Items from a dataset

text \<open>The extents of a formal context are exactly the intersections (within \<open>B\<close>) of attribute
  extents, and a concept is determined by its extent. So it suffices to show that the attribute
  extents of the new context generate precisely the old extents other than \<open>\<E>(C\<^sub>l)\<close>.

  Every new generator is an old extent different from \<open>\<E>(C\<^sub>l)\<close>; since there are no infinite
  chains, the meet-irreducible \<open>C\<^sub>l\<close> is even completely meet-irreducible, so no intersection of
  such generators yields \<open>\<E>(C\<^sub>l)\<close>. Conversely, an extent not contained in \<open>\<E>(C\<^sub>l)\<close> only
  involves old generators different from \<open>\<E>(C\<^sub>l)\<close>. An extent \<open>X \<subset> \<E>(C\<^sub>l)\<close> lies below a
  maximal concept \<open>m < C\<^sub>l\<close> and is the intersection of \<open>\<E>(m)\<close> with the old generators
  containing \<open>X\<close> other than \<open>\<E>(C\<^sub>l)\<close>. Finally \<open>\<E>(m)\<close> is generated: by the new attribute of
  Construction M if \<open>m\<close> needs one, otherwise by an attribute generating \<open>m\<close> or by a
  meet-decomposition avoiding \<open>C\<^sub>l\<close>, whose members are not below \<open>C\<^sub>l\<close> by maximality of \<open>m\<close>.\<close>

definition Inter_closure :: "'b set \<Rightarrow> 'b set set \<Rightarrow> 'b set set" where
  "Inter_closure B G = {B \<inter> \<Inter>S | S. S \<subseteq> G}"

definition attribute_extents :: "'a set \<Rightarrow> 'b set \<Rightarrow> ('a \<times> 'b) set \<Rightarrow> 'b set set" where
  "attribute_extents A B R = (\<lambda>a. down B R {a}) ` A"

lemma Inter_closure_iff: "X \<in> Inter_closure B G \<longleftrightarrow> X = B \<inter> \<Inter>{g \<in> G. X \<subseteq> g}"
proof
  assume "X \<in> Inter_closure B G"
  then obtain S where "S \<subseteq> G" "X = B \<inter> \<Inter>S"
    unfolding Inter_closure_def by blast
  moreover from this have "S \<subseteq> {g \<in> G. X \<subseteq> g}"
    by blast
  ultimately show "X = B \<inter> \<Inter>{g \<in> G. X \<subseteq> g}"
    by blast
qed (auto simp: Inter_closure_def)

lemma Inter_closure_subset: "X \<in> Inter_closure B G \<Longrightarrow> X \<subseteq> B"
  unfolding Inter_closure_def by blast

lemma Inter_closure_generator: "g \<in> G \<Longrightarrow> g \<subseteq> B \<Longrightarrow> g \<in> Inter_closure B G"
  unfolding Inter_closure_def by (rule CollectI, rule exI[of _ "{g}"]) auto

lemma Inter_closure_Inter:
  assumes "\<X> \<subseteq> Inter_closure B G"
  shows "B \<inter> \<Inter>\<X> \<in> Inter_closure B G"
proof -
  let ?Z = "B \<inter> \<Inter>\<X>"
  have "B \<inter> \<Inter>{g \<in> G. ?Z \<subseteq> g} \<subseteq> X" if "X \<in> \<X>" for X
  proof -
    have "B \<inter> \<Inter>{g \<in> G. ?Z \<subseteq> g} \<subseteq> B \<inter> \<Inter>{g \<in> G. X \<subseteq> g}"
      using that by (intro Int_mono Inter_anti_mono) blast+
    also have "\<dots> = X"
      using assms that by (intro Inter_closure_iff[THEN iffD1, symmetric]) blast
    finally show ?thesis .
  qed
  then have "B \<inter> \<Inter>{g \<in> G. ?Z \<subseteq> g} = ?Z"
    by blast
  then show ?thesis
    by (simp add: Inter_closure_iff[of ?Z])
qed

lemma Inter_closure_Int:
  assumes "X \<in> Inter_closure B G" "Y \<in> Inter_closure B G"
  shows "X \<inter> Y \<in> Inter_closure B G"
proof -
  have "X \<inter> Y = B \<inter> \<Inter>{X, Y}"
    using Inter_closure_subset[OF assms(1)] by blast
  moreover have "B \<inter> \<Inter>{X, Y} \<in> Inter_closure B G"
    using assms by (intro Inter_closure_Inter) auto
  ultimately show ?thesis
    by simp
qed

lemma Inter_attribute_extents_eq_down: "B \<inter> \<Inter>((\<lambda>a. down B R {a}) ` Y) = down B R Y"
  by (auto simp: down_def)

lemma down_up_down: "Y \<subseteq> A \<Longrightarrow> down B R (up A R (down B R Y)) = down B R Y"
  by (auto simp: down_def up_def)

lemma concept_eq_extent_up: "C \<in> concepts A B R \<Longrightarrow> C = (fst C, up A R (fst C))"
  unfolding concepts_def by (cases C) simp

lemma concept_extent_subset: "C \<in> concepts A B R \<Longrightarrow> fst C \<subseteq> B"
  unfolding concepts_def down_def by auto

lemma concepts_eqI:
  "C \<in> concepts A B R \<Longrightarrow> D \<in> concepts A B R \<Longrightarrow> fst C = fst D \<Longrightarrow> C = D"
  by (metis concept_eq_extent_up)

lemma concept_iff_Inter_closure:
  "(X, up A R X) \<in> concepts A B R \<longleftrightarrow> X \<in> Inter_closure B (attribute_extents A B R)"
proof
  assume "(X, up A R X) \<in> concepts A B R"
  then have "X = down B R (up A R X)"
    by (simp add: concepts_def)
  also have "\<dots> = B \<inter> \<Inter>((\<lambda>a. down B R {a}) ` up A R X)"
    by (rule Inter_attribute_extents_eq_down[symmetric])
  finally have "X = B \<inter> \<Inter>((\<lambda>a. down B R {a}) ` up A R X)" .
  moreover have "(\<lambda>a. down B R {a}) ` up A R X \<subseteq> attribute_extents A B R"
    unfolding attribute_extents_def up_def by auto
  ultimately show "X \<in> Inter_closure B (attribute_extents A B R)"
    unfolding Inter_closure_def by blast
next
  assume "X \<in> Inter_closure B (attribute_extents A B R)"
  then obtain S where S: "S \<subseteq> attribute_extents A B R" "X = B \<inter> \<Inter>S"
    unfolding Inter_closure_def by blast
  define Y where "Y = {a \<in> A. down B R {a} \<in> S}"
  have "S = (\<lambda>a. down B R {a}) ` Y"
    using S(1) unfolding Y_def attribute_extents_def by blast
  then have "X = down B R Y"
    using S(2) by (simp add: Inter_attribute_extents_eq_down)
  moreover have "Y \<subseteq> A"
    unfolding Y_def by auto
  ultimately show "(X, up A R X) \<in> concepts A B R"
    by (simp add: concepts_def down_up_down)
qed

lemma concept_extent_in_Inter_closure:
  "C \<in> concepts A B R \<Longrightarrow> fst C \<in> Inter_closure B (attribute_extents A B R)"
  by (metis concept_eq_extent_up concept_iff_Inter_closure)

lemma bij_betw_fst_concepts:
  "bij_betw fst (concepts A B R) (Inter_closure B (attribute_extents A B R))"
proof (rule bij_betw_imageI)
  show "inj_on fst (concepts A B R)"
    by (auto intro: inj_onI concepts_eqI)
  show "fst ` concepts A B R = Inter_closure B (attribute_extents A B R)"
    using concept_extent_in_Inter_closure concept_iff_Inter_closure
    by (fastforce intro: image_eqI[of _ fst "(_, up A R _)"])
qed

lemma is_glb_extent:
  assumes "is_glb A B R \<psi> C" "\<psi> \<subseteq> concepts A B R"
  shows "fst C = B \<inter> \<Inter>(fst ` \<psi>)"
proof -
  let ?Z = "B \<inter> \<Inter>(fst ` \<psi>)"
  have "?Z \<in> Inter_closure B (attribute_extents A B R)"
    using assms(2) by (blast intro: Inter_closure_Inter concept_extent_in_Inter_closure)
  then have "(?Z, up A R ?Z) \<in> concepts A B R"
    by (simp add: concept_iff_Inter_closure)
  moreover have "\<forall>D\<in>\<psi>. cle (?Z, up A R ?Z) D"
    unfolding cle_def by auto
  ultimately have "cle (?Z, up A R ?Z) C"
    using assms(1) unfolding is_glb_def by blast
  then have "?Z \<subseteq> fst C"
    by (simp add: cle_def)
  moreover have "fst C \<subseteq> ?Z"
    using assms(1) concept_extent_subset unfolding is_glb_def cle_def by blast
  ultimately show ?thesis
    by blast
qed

> Requirement:
Looking at the entries above, copy out every line in which "auto" occurs.

> Result for this task:
qed (auto simp: Inter_closure_def)
  unfolding Inter_closure_def by (rule CollectI, rule exI[of _ "{g}"]) auto
    using assms by (intro Inter_closure_Inter) auto
  by (auto simp: down_def)
  by (auto simp: down_def up_def)
  unfolding concepts_def down_def by auto
    unfolding attribute_extents_def up_def by auto
    unfolding Y_def by auto
    by (auto intro: inj_onI concepts_eqI)
    unfolding cle_def by auto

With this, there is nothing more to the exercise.